→ AIM OF THE TASK: Please state in a single number how many lines of the entries below include the word "length".

→ RECORD EXCERPTS:
(* For any suitable parameters $(m,q,d,\tau)$, the shifted projection protocol $\Pi$ is informative: for every terminal execution $(H,\rho)$ of $\Pi$ and every agent $P$, there is no execution $(H',\rho)$ of $\Pi$ with $H'\ne H$ and $H'_P=H_P$.
   Context: Agents $\mathcal A=\{A,B_1,\dots,B_m\}$ speak in the order $A,B_1,\dots,B_m$. A distribution type is a vector $\tau=(\tau_P)_{P\in\mathcal A}$ of positive integers, $|\tau|=\sum_P\tau_P$; the deck $\Omega$ has $|\tau|$ cards; a deal of type $\tau$ is a partition $H=(H_P)_P$ of $\Omega$ with $|H_P|=\tau_P$. Suitable parameters: $m>1$, $q>m$ a prime power, $d>0$, $|\tau|=q^{d+1}$, $\tau_A=q^{d+1}-q^d$, $\tau_{B_k}>q^{d-1}$ for each $k\in[1,m]$. A transversal hyperplane $V\subseteq\mathbb F_q^{d+1}$ is $\{x: x_{d+1}=a_1x_1+\dots+a_dx_d+b\}$; $\sigma(V)=(a_1,\dots,a_d)$; $\pi$ projects $\mathbb F_q^{d+1}$ onto the first $d$ coordinates; $\pi^V_\downarrow(w)=\pi(w)+\sigma(V)$ for $w\in V$. Shifted projection protocol (tokens: maps $\Omega\to\mathbb F_q^{d+1}$ and subsets of $\mathbb F_q^d$; runs are finite token sequences, $\rho*a$ appends $a$): the maximal executions for deal $H$ are $(H,f,X_1,\dots,X_m)$ with $f:\Omega\to\mathbb F_q^{d+1}$ a bijection such that $V=\mathbb F_q^{d+1}\setminus f[H_A]$ is a transversal hyperplane and $X_k=\pi^V_\downarrow[f[H_{B_k}]]$ for each $k$. $\Pi(H,\rho)$ is the set of tokens $a$ such that $(H,\rho*a)$ is an initial segment of a maximal execution. An execution is $(H,a_0,\dots,a_n)$ with $a_k\in\Pi(H,a_0,\dots,a_{k-1})$ for all $k$; it is terminal if $\Pi(H,\rho)=\emptyset$. *)

theory Defs
  imports Main
begin

text \<open>Agents are natural numbers: 0 is A, k (1 \<le> k \<le> m) is B_k.
  The deck \<Omega> is the universe of a finite type 'c.
  Vectors of F_q^n are lists of length n over a finite field 'f;
  coordinate x_i is x ! (i-1).\<close>

definition vecs :: "nat \<Rightarrow> 'f list set" where
  "vecs n = {x. length x = n}"

definition tau_total :: "nat \<Rightarrow> (nat \<Rightarrow> nat) \<Rightarrow> nat" where
  "tau_total m \<tau> = (\<Sum>P\<le>m. \<tau> P)"

definition is_deal :: "nat \<Rightarrow> (nat \<Rightarrow> nat) \<Rightarrow> (nat \<Rightarrow> 'c set) \<Rightarrow> bool" where
  "is_deal m \<tau> H \<longleftrightarrow>
     (\<forall>P\<le>m. card (H P) = \<tau> P) \<and>
     (\<Union>P\<le>m. H P) = UNIV \<and>
     (\<forall>P\<le>m. \<forall>Q\<le>m. P \<noteq> Q \<longrightarrow> H P \<inter> H Q = {}) \<and>
     (\<forall>P. m < P \<longrightarrow> H P = {})"

definition hyperplane :: "nat \<Rightarrow> 'f::field list \<Rightarrow> 'f \<Rightarrow> 'f list set" where
  "hyperplane d a b = {x \<in> vecs (Suc d). x ! d = (\<Sum>i<d. a ! i * x ! i) + b}"

definition transversal :: "nat \<Rightarrow> 'f::field list set \<Rightarrow> bool" where
  "transversal d V \<longleftrightarrow> (\<exists>a b. length a = d \<and> V = hyperplane d a b)"

definition sigma :: "nat \<Rightarrow> 'f::field list set \<Rightarrow> 'f list" where
  "sigma d V = (THE a. length a = d \<and> (\<exists>b. V = hyperplane d a b))"

definition proj :: "nat \<Rightarrow> 'f list \<Rightarrow> 'f list" where
  "proj d w = take d w"

definition shift_proj :: "nat \<Rightarrow> 'f::field list set \<Rightarrow> 'f list \<Rightarrow> 'f list" where
  "shift_proj d V w = map2 (+) (proj d w) (sigma d V)"

datatype ('c, 'f) token = MapTok "'c \<Rightarrow> 'f list" | SetTok "'f list set"

definition max_exec :: "nat \<Rightarrow> nat \<Rightarrow> (nat \<Rightarrow> nat) \<Rightarrow> (nat \<Rightarrow> 'c set)
    \<Rightarrow> ('c, 'f::field) token list \<Rightarrow> bool" where
  "max_exec m d \<tau> H \<rho> \<longleftrightarrow> is_deal m \<tau> H \<and>
     (\<exists>f X. bij_betw f UNIV (vecs (Suc d)) \<and>
        transversal d (vecs (Suc d) - f ` H 0) \<and>
        (\<forall>k\<in>{1..m}. X k = shift_proj d (vecs (Suc d) - f ` H 0) ` f ` H k) \<and>
        \<rho> = MapTok f # map (\<lambda>k. SetTok (X k)) [1..<Suc m])"

definition Pi :: "nat \<Rightarrow> nat \<Rightarrow> (nat \<Rightarrow> nat) \<Rightarrow> (nat \<Rightarrow> 'c set)
    \<Rightarrow> ('c, 'f::field) token list \<Rightarrow> ('c, 'f) token set" where
  "Pi m d \<tau> H \<rho> = {a. \<exists>\<rho>'. max_exec m d \<tau> H (\<rho> @ [a] @ \<rho>')}"

definition execution :: "nat \<Rightarrow> nat \<Rightarrow> (nat \<Rightarrow> nat) \<Rightarrow> (nat \<Rightarrow> 'c set)
    \<Rightarrow> ('c, 'f::field) token list \<Rightarrow> bool" where
  "execution m d \<tau> H \<rho> \<longleftrightarrow> is_deal m \<tau> H \<and>
     (\<forall>k<length \<rho>. \<rho> ! k \<in> Pi m d \<tau> H (take k \<rho>))"

definition terminal :: "nat \<Rightarrow> nat \<Rightarrow> (nat \<Rightarrow> nat) \<Rightarrow> (nat \<Rightarrow> 'c set)
    \<Rightarrow> ('c, 'f::field) token list \<Rightarrow> bool" where
  "terminal m d \<tau> H \<rho> \<longleftrightarrow> execution m d \<tau> H \<rho> \<and> Pi m d \<tau> H \<rho> = {}"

→ EXERCISE OUTPUT: 5